Ia bilang ia membawa bekal. Zen juga menyusul ke kelas Kia. Kia malah pergi.
Ada appa dengannya. Apakah dia benar benar cembur dengan kedekatanku dan Zen.
Tapi kenapa dia tidak mengatakan saja kepadaku.
Hari
beganti hari Kia semakin menjauh denganku dan Zen.
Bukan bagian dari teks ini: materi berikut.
lemma rows_before_length: "rows_before (length es) = card rows"
proof -
  have "bij_betw (nth es) {u. u < length es \<and> es ! u \<in> range RowArc} (set es \<inter> range RowArc)"
  proof (rule bij_betw_imageI)
    show "inj_on (nth es) {u. u < length es \<and> es ! u \<in> range RowArc}"
      using distinct_arcs by (simp add: inj_on_def nth_eq_iff_index_eq)
  qed (force simp: in_set_conv_nth)
  then have "rows_before (length es) = card (set es \<inter> range RowArc)"
    unfolding rows_before_def by (rule bij_betw_same_card)
  also have "set es \<inter> range RowArc = RowArc ` rows" by auto
  finally show ?thesis by (simp add: card_image inj_on_def)
qed

lemma rows_before_attained:
  assumes "c < rows_before (length es)"
  obtains u where "u < length es" "es ! u \<in> range RowArc" "rows_before u = c"
proof -
  have ex: "\<exists>u. c < rows_before u" using assms by blast
  define u' where "u' = (LEAST u. c < rows_before u)"
  have c: "c < rows_before u'" unfolding u'_def by (rule LeastI_ex[OF ex])
  have "u' \<le> length es" unfolding u'_def using assms by (rule Least_le)
  have "u' \<noteq> 0"
  proof
    assume "u' = 0"
    then show False using c by (simp add: rows_before_def)
  qed
  then obtain u where u: "u' = Suc u" using not0_implies_Suc by blast
  have "\<not> c < rows_before u" using u unfolding u'_def by (metis lessI not_less_Least)
  then have "es ! u \<in> range RowArc" "rows_before u = c"
    using c u rows_before_Suc[of u] by (auto split: if_splits)
  moreover have "u < length es" using u \<open>u' \<le> length es\<close> by simp
  ultimately show ?thesis using that by blast
qed

lemma periodic_count_lifted_tail_Suc:
  assumes t: "t < length es"
  shows "N (lifted_tail (Suc t)) =
    N (lifted_tail t) + (case es ! t of RowArc i \<Rightarrow> row_jump i | _ \<Rightarrow> 0)"
proof -
  have e: "es ! t \<in> set es" and md: "md n (lifted_tail t) = T (es ! t)"
    using t md_lifted_tail by simp_all
  have step: "lifted_tail (Suc t) = lifted_tail t + lenF k (es ! t)"
    by (simp add: lifted_tail_def)
  show ?thesis
  proof (cases "es ! t")
    case (RowArc i)
    then show ?thesis using step md periodic_count_row_arc[of "lifted_tail t" i] by simp
  next
    case (FwdArc j)
    have "md n (lifted_tail t + 1) = md n (md n (lifted_tail t) + 1)" by (simp add: md_md_add)
    also have "\<dots> = md n (md n (j - 1) + 1)" using md FwdArc by simp
    also have "\<dots> = j" using e FwdArc short_arc_bounds(1) by (simp add: md_md_add md_eq_self)
    finally have "md n (lifted_tail t + 1) = j" .
    then have "md n (lifted_tail t + 1) \<notin> E" using e FwdArc by (simp add: ess_bullets_iff)
    then show ?thesis
      using step FwdArc periodic_count_plus_1[OF n_pos ess_bullets_subset, of "lifted_tail t"]
      by simp
  next
    case (RevArc j)
    then have "md n (lifted_tail t - 1 + 1) = j"
      using md e short_arc_bounds(2) by (simp add: md_eq_self)
    then have "md n (lifted_tail t - 1 + 1) \<notin> E" using e RevArc by (simp add: ess_bullets_iff)
    then show ?thesis
      using step RevArc periodic_count_plus_1[OF n_pos ess_bullets_subset, of "lifted_tail t - 1"]
      by simp
  qed
qed

lemma ess_bullets_empty_if_no_rows:
  assumes "rows = {}"
  shows "E = {}"
proof
  show "E \<subseteq> {}"
  proof
    fix \<beta> assume \<beta>: "\<beta> \<in> E"
    have "\<beta> \<in> nodes n l k es" using \<beta> ess_bullets_iff by blast
    then obtain e e' where e: "e \<in> set es" "T e = \<beta>" and e': "e' \<in> set es" "H e' = \<beta>"
      unfolding nodes_eq_tails by (metis imageE nodes_eq_heads nodes_eq_tails)
    have "FwdArc (md n (\<beta> + 1)) \<in> set es"
    proof (cases e)
      case (FwdArc j)
      then show ?thesis using e short_arc_bounds(1) md_minus_1_eqD[of j n \<beta>] by auto
    qed (use assms e \<beta> short_arc_bounds(2) in \<open>auto simp: ess_bullets_iff md_eq_self\<close>)
    moreover have "RevArc (md n (\<beta> + 1)) \<in> set es"
    proof (cases e')
      case (RevArc j)
      then show ?thesis using e' short_arc_bounds(2) md_minus_1_eqD[of j n \<beta>] by auto
    qed (use assms e' \<beta> short_arc_bounds(1) in \<open>auto simp: ess_bullets_iff md_eq_self\<close>)
    ultimately show "\<beta> \<in> {}" using no_fwd_and_rev by blast
  qed
qed simp

lemma consecutive_short_arcs_same_length:
  assumes e: "e \<in> set es" "e \<notin> range RowArc" and e': "e' \<in> set es" "e' \<notin> range RowArc"
    and "H e = T e'"
  shows "lenF k e = lenF k e'"
proof (cases e)
  case (FwdArc j)
  show ?thesis
  proof (cases e')
    case (RevArc j')
    then have "j = j'"
      using FwdArc assms short_arc_bounds by (simp add: md_eq_self)
    then show ?thesis using FwdArc RevArc e e' no_fwd_and_rev by blast
  qed (use FwdArc e' in simp_all)
next
  case (RevArc j)
  show ?thesis
  proof (cases e')
    case (FwdArc j')
    then have "j' = j"
      using RevArc assms short_arc_bounds md_minus_1_eqD[of j' n "md n (j - 1)"]
        md_minus_1_eqD[of j n "md n (j - 1)"] by simp
    then show ?thesis using FwdArc RevArc e e' no_fwd_and_rev by blast
  qed (use RevArc e' in simp_all)
qed (use e in simp)

lemma length_le_n: "length es \<le> n"
proof -
  have "set (map T es) \<subseteq> {1..int n}"
    using tail_in_range by auto
  then have "card (set (map T es)) \<le> n" using card_mono[of "{1..int n}"] by fastforce
  then show ?thesis using distinct_card[OF distinct_tails] by simp
qed

lemma winding_number_if_no_rows:
  assumes "rows = {}" and wind: "p * int n = (\<Sum>e\<leftarrow>es. lenF k e)"
  shows "\<bar>p\<bar> = 1"
proof -
  have no_row: "es ! t \<notin> range RowArc" if "t < length es" for t
    using assms(1) that nth_mem by fastforce
  have same: "lenF k (es ! t) = lenF k (es ! 0)" if "t < length es" for t
    using that
  proof (induction t)
    case (Suc t)
    then show ?case
      using consecutive_short_arcs_same_length[of "es ! t" "es ! Suc t"] head_eq_tail_next[of t]
        no_row
      by simp
  qed simp
  have unit: "\<bar>lenF k (es ! 0)\<bar> = 1"
    using no_row[of 0] es_nonempty by (cases "es ! 0") auto
  have "(\<Sum>e\<leftarrow>es. lenF k e) = int (length es) * lenF k (es ! 0)"
    using same by (simp add: sum_list_sum_nth atLeast0LessThan)
  then have "\<bar>p\<bar> * int n = int (length es)"
    using wind unit by (metis abs_mult abs_of_nat mult.right_neutral)
  moreover have "0 < length es" "length es \<le> n" using es_nonempty length_le_n by simp_all
  ultimately have "0 < \<bar>p\<bar> * int n" "\<bar>p\<bar> * int n \<le> 1 * int n" by simp_all
  then show ?thesis using n_pos by (simp add: zero_less_mult_iff mult_le_cancel_right)
qed

end

section \<open>Circuits with row arcs\<close>

locale F_circuit_rows = F_circuit +
  assumes nodom: "no_dominating_rows m n A" and row_exists: "\<exists>i. RowArc i \<in> set es"
begin

lemma card_ess_bullets_pos: "card E > 0"
  using row_exists ess_bullets_nonempty finite_ess_bullets by (auto simp: card_gt_0_iff)

text \<open>If row \<open>b\<close> starts right after row \<open>a\<close> and does not end after it, \<open>a\<close> dominates \<open>b\<close>; as
  distinct heads lie in distinct blocks, the head of \<open>b\<close> is then in a later block as well.\<close>
lemma row_jump_le:
  assumes a: "RowArc a \<in> set es" and b: "RowArc b \<in> set es"
    and xa: "md n xa = md n (l a - 1)" and xb: "md n xb = md n (l b - 1)"
    and next_tail: "N xb = N xa + 1"
  shows "row_jump a \<le> row_jump b"
proof (cases "a = b")
  case False
  have "xa < xb"
    using periodic_count_mono[OF n_pos ess_bullets_subset, of xb xa] next_tail by linarith
  have "xa + k a < xb + k b"
  proof (rule ccontr)
    assume "\<not> xa + k a < xb + k b"
    then have "md n ` {xb + 1..xb + k b} \<subseteq> md n ` {xa + 1..xa + k a}"
      using \<open>xa < xb\<close> by (intro image_mono) auto
    then have "dominates n A a b"
      using circ row_arc_bounds(1)[OF a] row_arc_bounds(1)[OF b]
        jumped_columns[OF a xa] jumped_columns[OF b xb]
      unfolding dominates_def circular_wit_def by auto
    then show False
      using nodom row_arc_bounds(1)[OF a] row_arc_bounds(1)[OF b] False
      unfolding no_dominating_rows_def by blast
  qed
  then have "N (xa + k a) \<le> N (xb + k b)"
    by (intro periodic_count_mono[OF n_pos ess_bullets_subset]) simp
  moreover have "N (xa + k a) \<noteq> N (xb + k b)"
  proof
    have heads: "md n (xa + k a) = H (RowArc a)" "md n (xb + k b) = H (RowArc b)"
      using xa xb md_md_add[of n xa "k a"] md_md_add[of n xb "k b"]
        md_md_add[of n "l a - 1" "k a"] md_md_add[of n "l b - 1" "k b"]
      by (simp_all add: algebra_simps)
    assume "N (xa + k a) = N (xb + k b)"
    then have "H (RowArc a) = H (RowArc b)"
      using Bplus_periodic_count_head[OF a heads(1)] Bplus_periodic_count_head[OF b heads(2)] heads
      by simp
    then show False using inj_onD[OF inj_on_head _ a b] False by simp
  qed
  ultimately show ?thesis
    using periodic_count_row_arc[OF xa] periodic_count_row_arc[OF xb] next_tail by simp
qed simp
Dia tidak pernah menyapaku
lagi seperti hari hari biasanya. Dia hanya mendiamkanku dan Zen. Bahkan saat
aku mengajaknya jalan, nonton, makan bersama dia selalu menolak ajakanku. Apa
dia benar benar marah denganku. Apa dia benar benar sakit hati. Hari ini aku berencena
untuk meminta maaf kepada Kia. Aku datang kerumahnya. Akhirnya diapun mau
membukakan pintunya untukku. Aku mencoba untuk mengobrol dengannya namuan ia
tidak merespon perkataanku. Aku berusaha sekuat mungkin agar Kia mau berbicara
denganku. Akhirnyaa dia angkat bicara. Aku meminta maaf kepadanya aku
menceritakan apa yang sudah terjadi dan aku menjelaskannya. Kiapun mulai
mengerti dan mau memaafkanku.
***
Semua
berjalan dengan normal seperti biasa. Kamipun sering nongkrong bersama kembali.
Kami juga sering bercerita kembali tentang banyak hal. Hal hal yang sudah kita
lalui bersama. Diam diam saat kita berkumpul Zen sering curi curi pandang
terhadapku. Akupun tersipu malu. Disisi lain aku tidak merasa enak dengan Kia.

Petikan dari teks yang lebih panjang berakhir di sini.